The trial of Kevin Underwood, accused of the gruesome murder of a young girl in Purcell, Oklahoma, took a strange twist last week in Cleveland County District Court as presiding Judge Candace Blalock accused a local TV station of hiring hackers to break into her computer and steal her email.
According to reports published on Valentine’s Day by state newspapers, controversy swirled around the trial after Oklahoma City television station KWTV-9 posted a story dated February 11 on their website. The story revealed the details of what was supposed to be a “sealed” decision by Judge Blalock, a decision that allowed certain statements to be admitted into evidence. The story may still be viewed on the Channel 9 website at kwtv.com/Global/story.asp?s=7855568.
Defense attorneys blamed prosecutors for leaking the story to the media, which appeared on the station’s website less than an hour after Judge Blalock emailed them her sealed decision. Prosecutors fired back, blaming defense attorneys for the leak. The judge, however, had her own ideas about how the story was leaked. She stated that she had emailed a preliminary copy of the decision to her personal email account so that she could work on it over the weekend, and that Channel 9 had probably gotten it from her computer. Then, she said something about the TV station that just about knocked me out of my easy chair when I read it: “I don’t doubt that they hire people to hack into computers.” “That’s what I think happened,” NewsOK.com quoted her as saying, “and I think that because I do not believe any of the lawyers involved here would violate (the order).”
Wow! That’s a pretty serious accusation coming from a judge. At first, I thought that maybe Judge Blalock was simply shooting off her mouth, talking off the top of her head, as it were. But, keeping in mind that judges are always supposed to be truthful, and never insincere, I must conclude that Her Honor actually believes that all of the attorneys involved in the case, and their staff (including her own) are above reproach, and that TV reporters hired hackers to steal her email.

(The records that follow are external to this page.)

(* Let $P=\frac{1}{\sqrt2}\begin{bmatrix}1&1\\0&0\end{bmatrix}$, $Q=\frac{1}{\sqrt2}\begin{bmatrix}0&0\\1&-1\end{bmatrix}$, $R=\sqrt2\,PQ=\frac{1}{\sqrt2}\begin{bmatrix}1&-1\\0&0\end{bmatrix}$, $S=\sqrt2\,QP=\frac{1}{\sqrt2}\begin{bmatrix}0&0\\1&1\end{bmatrix}$. For integers $l,m\ge0$ with $l+m=n\ge1$, let $\Xi(l,m)$ denote the sum of all distinct products $A_1A_2\cdots A_n$ with each $A_j\in\{P,Q\}$, exactly $l$ of them equal to $P$ and exactly $m$ equal to $Q$ (so $\binom{n}{l}$ terms). Then: (i) if $\min\{l,m\}\ge1$, $$\Xi(l,m)=\Big(\tfrac{1}{\sqrt2}\Big)^{n-1}(-1)^m\sum_{\gamma=1}^{\min\{l,m\}}(-1)^\gamma\binom{l-1}{\gamma-1}\binom{m-1}{\gamma-1}\Big[\tfrac{l-\gamma}{\gamma}P-\tfrac{m-\gamma}{\gamma}Q+R+S\Big];$$ (ii) if $l=n\ge1$ and $m=0$, $\Xi(l,0)=\big(\tfrac{1}{\sqrt2}\big)^{l-1}P$; (iii) if $l=0$ and $m=n\ge1$, $\Xi(0,m)=\big(\tfrac{1}{\sqrt2}\big)^{m-1}(-1)^{m+1}Q$.
   Context: $P$ and $Q$ are the two parts of the Hadamard matrix $H=\frac{1}{\sqrt2}\begin{bmatrix}1&1\\1&-1\end{bmatrix}=P+Q$ governing the one-dimensional Hadamard walk, and $\Xi(l,m)$ is the coefficient of the word-sum appearing in the expansion of $H^n=(P+Q)^n$ (a "quantum Pascal's triangle"). *)

theory Defs
  imports "HOL-Analysis.Analysis"
begin

definition matP :: "real^2^2" where
  "matP = (1 / sqrt 2) *\<^sub>R vector [vector [1, 1], vector [0, 0]]"

definition matQ :: "real^2^2" where
  "matQ = (1 / sqrt 2) *\<^sub>R vector [vector [0, 0], vector [1, -1]]"

definition matR :: "real^2^2" where
  "matR = sqrt 2 *\<^sub>R (matP ** matQ)"

definition matS :: "real^2^2" where
  "matS = sqrt 2 *\<^sub>R (matQ ** matP)"

definition word_prod :: "bool list \<Rightarrow> real^2^2" where
  "word_prod w = foldr (\<lambda>b A. (if b then matP else matQ) ** A) w (mat 1)"

definition Xi :: "nat \<Rightarrow> nat \<Rightarrow> real^2^2" where
  "Xi l m = (\<Sum>w\<in>{w. length w = l + m \<and> length (filter id w) = l}. word_prod w)"

end

theory Submission
  imports Defs
begin

(*
  Sorting the words by their first letter gives the recursion
  Xi(l+1, m+1) = P Xi(l, m+1) + Q Xi(l+1, m), while Xi(l, 0) and Xi(0, m) are
  powers of P and Q.  Left multiplication by P or Q maps the span of P, Q, R, S
  into itself, so the closed form can be checked by induction on l + m,
  coefficient by coefficient.  The coefficients are alternating sums of
  products of two binomial coefficients, and the recursions they must satisfy
  are instances of Pascal's rule.
*)

lemma matrix_mult_sum_right:
  fixes A :: "'a::comm_semiring_1^'n^'m"
  shows "A ** sum f S = (\<Sum>x\<in>S. A ** f x)"
  by (simp add: vec_eq_iff matrix_matrix_mult_def sum_component sum_distrib_left)
    (intro allI sum.swap)

lemma matrix_mult_scaleR_right:
  fixes A :: "'a::real_algebra_1^'n^'m"
  shows "A ** (k *\<^sub>R B) = k *\<^sub>R (A ** B)"
  by (simp add: matrix_scalar_ac scalar_matrix_assoc)

lemma mat2_eq_iff:
  "(A::real^2^2) = B \<longleftrightarrow> A$1$1 = B$1$1 \<and> A$1$2 = B$1$2 \<and> A$2$1 = B$2$1 \<and> A$2$2 = B$2$2"
  by (auto simp: vec_eq_iff forall_2)

lemma matrix_mult_nth_2: "((A::real^2^2) ** B)$i$j = A$i$1 * B$1$j + A$i$2 * B$2$j"
  by (simp add: matrix_matrix_mult_def sum_2)

lemma matR_eq: "matR = (1 / sqrt 2) *\<^sub>R vector [vector [1, -1], vector [0, 0]]"
  by (simp add: mat2_eq_iff matrix_mult_nth_2 matR_def matP_def matQ_def field_simps)

lemma matS_eq: "matS = (1 / sqrt 2) *\<^sub>R vector [vector [0, 0], vector [1, 1]]"
  by (simp add: mat2_eq_iff matrix_mult_nth_2 matS_def matP_def matQ_def field_simps)

lemma matP_mult_comb:
  "matP ** (a *\<^sub>R matP + b *\<^sub>R matQ + c *\<^sub>R matR + d *\<^sub>R matS)
     = (1 / sqrt 2) *\<^sub>R ((a + d) *\<^sub>R matP + (b + c) *\<^sub>R matR)"
  by (simp add: mat2_eq_iff matrix_mult_nth_2 matR_eq matS_eq matP_def matQ_def field_simps)

lemma matQ_mult_comb:
  "matQ ** (a *\<^sub>R matP + b *\<^sub>R matQ + c *\<^sub>R matR + d *\<^sub>R matS)
     = (1 / sqrt 2) *\<^sub>R ((c - b) *\<^sub>R matQ + (a - d) *\<^sub>R matS)"
  by (simp add: mat2_eq_iff matrix_mult_nth_2 matR_eq matS_eq matP_def matQ_def field_simps)

lemma matP_mult_matP: "matP ** matP = (1 / sqrt 2) *\<^sub>R matP"
  using matP_mult_comb[of 1 0 0 0] by simp

lemma matP_mult_matQ: "matP ** matQ = (1 / sqrt 2) *\<^sub>R matR"
  using matP_mult_comb[of 0 1 0 0] by simp

lemma matQ_mult_matP: "matQ ** matP = (1 / sqrt 2) *\<^sub>R matS"
  using matQ_mult_comb[of 1 0 0 0] by simp

lemma matQ_mult_matQ: "matQ ** matQ = - ((1 / sqrt 2) *\<^sub>R matQ)"
  using matQ_mult_comb[of 0 1 0 0] by simp

definition words :: "nat \<Rightarrow> nat \<Rightarrow> bool list set" where
  "words l m = {w. length w = l + m \<and> length (filter id w) = l}"

lemma Xi_eq_sum_words: "Xi l m = (\<Sum>w\<in>words l m. word_prod w)"
  by (simp add: Xi_def words_def)

lemma finite_words: "finite (words l m)"
proof (rule finite_subset)
  show "words l m \<subseteq> {w. set w \<subseteq> UNIV \<and> length w = l + m}"
    by (auto simp: words_def)
qed (use finite_lists_length_eq[of "UNIV :: bool set"] in simp)

lemma words_Suc_Suc:
  "words (Suc l) (Suc m) = Cons True ` words l (Suc m) \<union> Cons False ` words (Suc l) m"
proof (rule set_eqI)
  fix w
  show "w \<in> words (Suc l) (Suc m) \<longleftrightarrow>
        w \<in> Cons True ` words l (Suc m) \<union> Cons False ` words (Suc l) m"
    by (cases w) (auto simp: words_def)
qed

lemma words_0_right: "words l 0 = {replicate l True}"
proof -
  have "w = replicate l True" if "length w = l" "length (filter id w) = l" for w
  proof (rule replicate_eqI)
    fix x assume "x \<in> set w"
    then show "x = True"
      using length_filter_less[of x w id] that by auto
  qed (use that in simp)
  then show ?thesis
    by (auto simp: words_def)
qed

lemma words_0_left: "words 0 m = {replicate m False}"
proof -
  have "w = replicate m False" if "length w = m" "length (filter id w) = 0" for w
  proof (rule replicate_eqI)
    fix x assume "x \<in> set w"
    then show "x = False"
      using that by (auto simp: filter_empty_conv)
  qed (use that in simp)
  then show ?thesis
    by (auto simp: words_def)
qed

lemma word_prod_Nil: "word_prod [] = mat 1"
  by (simp add: word_prod_def)

lemma word_prod_Cons: "word_prod (b # w) = (if b then matP else matQ) ** word_prod w"
  by (simp add: word_prod_def)

lemma word_prod_replicate_True: "word_prod (replicate (Suc n) True) = (1 / sqrt 2) ^ n *\<^sub>R matP"
  by (induction n)
    (simp_all add: word_prod_Nil word_prod_Cons matrix_mult_scaleR_right matP_mult_matP)

lemma word_prod_replicate_False:
  "word_prod (replicate (Suc n) False) = ((1 / sqrt 2) ^ n * (-1) ^ n) *\<^sub>R matQ"
  by (induction n)
    (simp_all add: word_prod_Nil word_prod_Cons matrix_mult_scaleR_right matQ_mult_matQ)

lemma Xi_Suc_Suc: "Xi (Suc l) (Suc m) = matP ** Xi l (Suc m) + matQ ** Xi (Suc l) m"
  unfolding Xi_eq_sum_words words_Suc_Suc
  by (subst sum.union_disjoint)
    (auto simp: finite_words sum.reindex word_prod_Cons matrix_mult_sum_right)

lemma Xi_0_right: "Xi (Suc n) 0 = (1 / sqrt 2) ^ n *\<^sub>R matP"
  by (simp add: Xi_eq_sum_words words_0_right word_prod_replicate_True del: replicate_Suc)

lemma Xi_0_left: "Xi 0 (Suc n) = ((1 / sqrt 2) ^ n * (-1) ^ n) *\<^sub>R matQ"
  by (simp add: Xi_eq_sum_words words_0_left word_prod_replicate_False del: replicate_Suc)

definition alt_choose_sum :: "nat \<Rightarrow> nat \<Rightarrow> nat \<Rightarrow> nat \<Rightarrow> real" where
  "alt_choose_sum a b L M =
     (\<Sum>k\<le>min L M. (-1) ^ k * real (L choose (k + a)) * real (M choose (k + b)))"

lemma alt_choose_sum_extend:
  assumes "min L M \<le> N"
  shows "alt_choose_sum a b L M =
           (\<Sum>k\<le>N. (-1) ^ k * real (L choose (k + a)) * real (M choose (k + b)))"
  unfolding alt_choose_sum_def using assms by (intro sum.mono_neutral_left) auto

lemma alt_choose_sum_commute: "alt_choose_sum a b L M = alt_choose_sum b a M L"
  by (simp add: alt_choose_sum_def min.commute mult_ac)

lemma alt_choose_sum_0_left: "alt_choose_sum a b 0 M = (if a = 0 then real (M choose b) else 0)"
  by (simp add: alt_choose_sum_def)

lemma alt_choose_sum_0_right: "alt_choose_sum a b L 0 = (if b = 0 then real (L choose a) else 0)"
  by (simp add: alt_choose_sum_def)

lemma alt_choose_sum_Suc_Suc_left:
  "alt_choose_sum (Suc a) b (Suc L) M = alt_choose_sum (Suc a) b L M + alt_choose_sum a b L M"
  by (simp add: alt_choose_sum_extend[of _ _ M] sum.distrib[symmetric] algebra_simps)

lemma alt_choose_sum_split_first:
  "alt_choose_sum 0 b L M =
     real (M choose b)
     + (\<Sum>k\<le>M. (-1) ^ Suc k * real (L choose Suc k) * real (M choose Suc (k + b)))"
proof -
  have "alt_choose_sum 0 b L M =
      (\<Sum>k\<le>Suc M. (-1) ^ k * real (L choose (k + 0)) * real (M choose (k + b)))"
    by (rule alt_choose_sum_extend) simp
  then show ?thesis
    by (simp only: sum.atMost_Suc_shift) simp
qed

lemma alt_choose_sum_Suc_left:
  "alt_choose_sum 0 b (Suc L) M = alt_choose_sum 0 b L M - alt_choose_sum 0 (Suc b) L M"
  unfolding alt_choose_sum_split_first[of b]
    alt_choose_sum_extend[of L M M 0 "Suc b", OF min.cobounded2]
  by (simp add: sum.distrib[symmetric] sum_subtractf[symmetric] algebra_simps)

lemma alt_choose_sum_Suc_Suc_right:
  "alt_choose_sum a (Suc b) L (Suc M) = alt_choose_sum a (Suc b) L M + alt_choose_sum a b L M"
  unfolding alt_choose_sum_commute[of a "Suc b" L] alt_choose_sum_commute[of a b L]
  by (rule alt_choose_sum_Suc_Suc_left)

lemma alt_choose_sum_Suc_right:
  "alt_choose_sum a 0 L (Suc M) = alt_choose_sum a 0 L M - alt_choose_sum (Suc a) 0 L M"
  unfolding alt_choose_sum_commute[of a 0 L] alt_choose_sum_commute[of "Suc a" 0 L]
  by (rule alt_choose_sum_Suc_left)

lemma real_choose_Suc_right:
  "real (n choose Suc k) = real (n choose k) * (real (n - k) / real (Suc k))"
proof -
  have "Suc k * (n choose Suc k) = (n - k) * (n choose k)"
    by (simp only: binomial_absorption binomial_absorb_comp)
  then have "real (Suc k) * real (n choose Suc k) = real (n - k) * real (n choose k)"
    by (simp only: of_nat_mult[symmetric])
  then show ?thesis
    by (simp add: field_simps del: of_nat_Suc)
qed

lemma gamma_sum_eq_alt_choose_sums:
  fixes A B C D :: "'a::real_vector"
  shows "(\<Sum>\<gamma> = 1..min (Suc L) (Suc M).
            ((-1) ^ \<gamma> * real (L choose (\<gamma> - 1)) * real (M choose (\<gamma> - 1))) *\<^sub>R
            ((real (Suc L - \<gamma>) / real \<gamma>) *\<^sub>R A - (real (Suc M - \<gamma>) / real \<gamma>) *\<^sub>R B + C + D))
       = - (alt_choose_sum 1 0 L M *\<^sub>R A - alt_choose_sum 0 1 L M *\<^sub>R B
            + alt_choose_sum 0 0 L M *\<^sub>R (C + D))"
proof -
  let ?t = "\<lambda>k. (-1) ^ k * real (L choose k) * real (M choose k)"
  have "(\<Sum>\<gamma> = 1..min (Suc L) (Suc M).
            ((-1) ^ \<gamma> * real (L choose (\<gamma> - 1)) * real (M choose (\<gamma> - 1))) *\<^sub>R
            ((real (Suc L - \<gamma>) / real \<gamma>) *\<^sub>R A - (real (Suc M - \<gamma>) / real \<gamma>) *\<^sub>R B + C + D))
      = (\<Sum>k\<le>min L M. (- ?t k) *\<^sub>R
            ((real (L - k) / real (Suc k)) *\<^sub>R A - (real (M - k) / real (Suc k)) *\<^sub>R B + C + D))"
    unfolding min_Suc_Suc One_nat_def sum.atLeast1_atMost_eq lessThan_Suc_atMost by simp
  also have "\<dots> = (\<Sum>k\<le>min L M. - (((-1) ^ k * real (L choose Suc k) * real (M choose k)) *\<^sub>R A
            - ((-1) ^ k * real (L choose k) * real (M choose Suc k)) *\<^sub>R B + ?t k *\<^sub>R (C + D)))"
    by (simp add: real_choose_Suc_right[of L] real_choose_Suc_right[of M] algebra_simps
        del: of_nat_Suc)
  also have "\<dots> = - (alt_choose_sum 1 0 L M *\<^sub>R A - alt_choose_sum 0 1 L M *\<^sub>R B
            + alt_choose_sum 0 0 L M *\<^sub>R (C + D))"
    by (simp add: alt_choose_sum_def sum.distrib sum_subtractf sum_negf scaleR_sum_left)
  finally show ?thesis .
qed

definition Xi_closed :: "nat \<Rightarrow> nat \<Rightarrow> real^2^2" where
  "Xi_closed L M = ((1 / sqrt 2) ^ (L + M + 1) * (-1) ^ M) *\<^sub>R
     (alt_choose_sum 1 0 L M *\<^sub>R matP + (- alt_choose_sum 0 1 L M) *\<^sub>R matQ
      + alt_choose_sum 0 0 L M *\<^sub>R matR + alt_choose_sum 0 0 L M *\<^sub>R matS)"

lemma matP_mult_Xi_closed:
  "matP ** Xi_closed L M = ((1 / sqrt 2) ^ (L + M + 2) * (-1) ^ M) *\<^sub>R
     (alt_choose_sum 1 0 (Suc L) M *\<^sub>R matP + alt_choose_sum 0 0 (Suc L) M *\<^sub>R matR)"
  unfolding Xi_closed_def matrix_mult_scaleR_right matP_mult_comb
  by (simp add: alt_choose_sum_Suc_Suc_left alt_choose_sum_Suc_left algebra_simps)

lemma matQ_mult_Xi_closed:
  "matQ ** Xi_closed L M = ((1 / sqrt 2) ^ (L + M + 2) * (-1) ^ Suc M) *\<^sub>R
     ((- alt_choose_sum 0 1 L (Suc M)) *\<^sub>R matQ + alt_choose_sum 0 0 L (Suc M) *\<^sub>R matS)"
  unfolding Xi_closed_def matrix_mult_scaleR_right matQ_mult_comb
  by (simp add: alt_choose_sum_Suc_Suc_right alt_choose_sum_Suc_right algebra_simps)

lemma Xi_Suc_Suc_eq_Xi_closed: "Xi (Suc L) (Suc M) = Xi_closed L M"
proof (induction "L + M" arbitrary: L M rule: less_induct)
  case less
  let ?c = "(1 / sqrt 2) ^ (L + M + 1) * (-1) ^ M"
  have first_P: "matP ** Xi L (Suc M) =
      ?c *\<^sub>R (alt_choose_sum 1 0 L M *\<^sub>R matP + alt_choose_sum 0 0 L M *\<^sub>R matR)"
  proof (cases L)
    case 0
    then show ?thesis
      by (simp add: Xi_0_left matrix_mult_scaleR_right matP_mult_matQ
          alt_choose_sum_0_left)
  next
    case (Suc L')
    then show ?thesis
      using less[of L' M] by (simp add: matP_mult_Xi_closed)
  qed
  have first_Q: "matQ ** Xi (Suc L) M =
      ?c *\<^sub>R ((- alt_choose_sum 0 1 L M) *\<^sub>R matQ + alt_choose_sum 0 0 L M *\<^sub>R matS)"
  proof (cases M)
    case 0
    then show ?thesis
      by (simp add: Xi_0_right matrix_mult_scaleR_right matQ_mult_matP
          alt_choose_sum_0_right)
  next
    case (Suc M')
    then show ?thesis
      using less[of L M'] by (simp add: matQ_mult_Xi_closed)
  qed
  show ?case
    unfolding Xi_Suc_Suc first_P first_Q Xi_closed_def by (simp add: algebra_simps)
qed

lemma Xi_eq_gamma_sum:
  assumes "min l m \<ge> 1"
  shows "Xi l m = ((1 / sqrt 2) ^ (l + m - 1) * (-1) ^ m) *\<^sub>R
           (\<Sum>\<gamma> = 1..min l m. ((-1) ^ \<gamma> * real ((l - 1) choose (\<gamma> - 1))
                 * real ((m - 1) choose (\<gamma> - 1))) *\<^sub>R
              ((real (l - \<gamma>) / real \<gamma>) *\<^sub>R matP - (real (m - \<gamma>) / real \<gamma>) *\<^sub>R matQ
               + matR + matS))"
proof -
  obtain L M where l: "l = Suc L" and m: "m = Suc M"
    using assms by (cases l; cases m) auto
  have "Xi l m = ((1 / sqrt 2) ^ (L + M + 1) * (-1) ^ Suc M) *\<^sub>R
      - (alt_choose_sum 1 0 L M *\<^sub>R matP - alt_choose_sum 0 1 L M *\<^sub>R matQ
         + alt_choose_sum 0 0 L M *\<^sub>R (matR + matS))"
    by (simp add: l m Xi_Suc_Suc_eq_Xi_closed Xi_closed_def algebra_simps)
  then show ?thesis
    by (simp only: l m add_Suc diff_Suc_1 gamma_sum_eq_alt_choose_sums) simp
qed

theorem theorem3:
  fixes l m :: nat
  assumes "l + m \<ge> 1"
  shows "(min l m \<ge> 1 \<longrightarrow>
           Xi l m = ((1 / sqrt 2) ^ (l + m - 1) * (-1) ^ m) *\<^sub>R
             (\<Sum>\<gamma> = 1..min l m. ((-1) ^ \<gamma> * real ((l - 1) choose (\<gamma> - 1))
                   * real ((m - 1) choose (\<gamma> - 1))) *\<^sub>R
                ((real (l - \<gamma>) / real \<gamma>) *\<^sub>R matP - (real (m - \<gamma>) / real \<gamma>) *\<^sub>R matQ
                 + matR + matS)))
       \<and> (m = 0 \<longrightarrow> Xi l 0 = (1 / sqrt 2) ^ (l - 1) *\<^sub>R matP)
       \<and> (l = 0 \<longrightarrow> Xi 0 m = ((1 / sqrt 2) ^ (m - 1) * (-1) ^ (m + 1)) *\<^sub>R matQ)"
  using assms Xi_eq_gamma_sum[of l m]
  by (cases l; cases m) (simp_all add: Xi_0_right Xi_0_left)

end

This led me to think about how someone could actually have stolen the judge’s email.
The easiest way to steal someone’s email is to know his or her email password. Perhaps the judge left her password on a Post-it note stuck to her computer monitor. If that was the case, then there wasn’t much “hacking” involved, but instead, slacking on the judge’s part; she should know better. The next easiest way to steal someone’s email is to guess his or her email password. If her password was something like “blalock123,” again, there wasn’t much hacking involved; anyone with a normal imagination could have guessed that password. I hope that by now, believing that hackers are out to steal her email, the judge has changed her password to something secure.
Another way to get someone’s password is to trick them into clicking on a link and following through with one of those fraudulent “we need you to visit our website and verify your password” emails. Once again, no real hacking involved with this ploy, just stupidity on the part of the victim. Closely aligned with this tactic is tricking someone into opening a malicious email attachment that could install a password-stealing program. Again, I would imagine that Judge Blalock knows better than to do such things. Most all of the other ways to “hack” someone’s email, such as network snooping, packet sniffing, packet analyzing, browser exploits, software exploits, operating system exploits, trojan/keylogger installation, password decryption and others, actually require some degree skill to pull off, and would only be successful if the judge was the specific target of a very focused and expensive attack. In addition, these attacks would usually be successful only against unpatched, unprotected computers that had not been updated, a condition that no prudent judge would tolerate. Since all prudent judges, knowing the importance of their work, would also be sure to encrypt their email communications, those intercepting their messages wouldn’t even be able to read what they had stolen.
Did Channel 9’s hired hackers steal Judge Blalock’s email? It’s possible, but not very likely. I think that the good judge has been watching too many Hollywood hacker movies, because such things just don’t happen that easily. Furthermore, stealing someone’s email, especially an important court decision from a judge, is a highly illegal crime. If the judge has “no doubt” that such a crime occurred, why has nobody been arrested?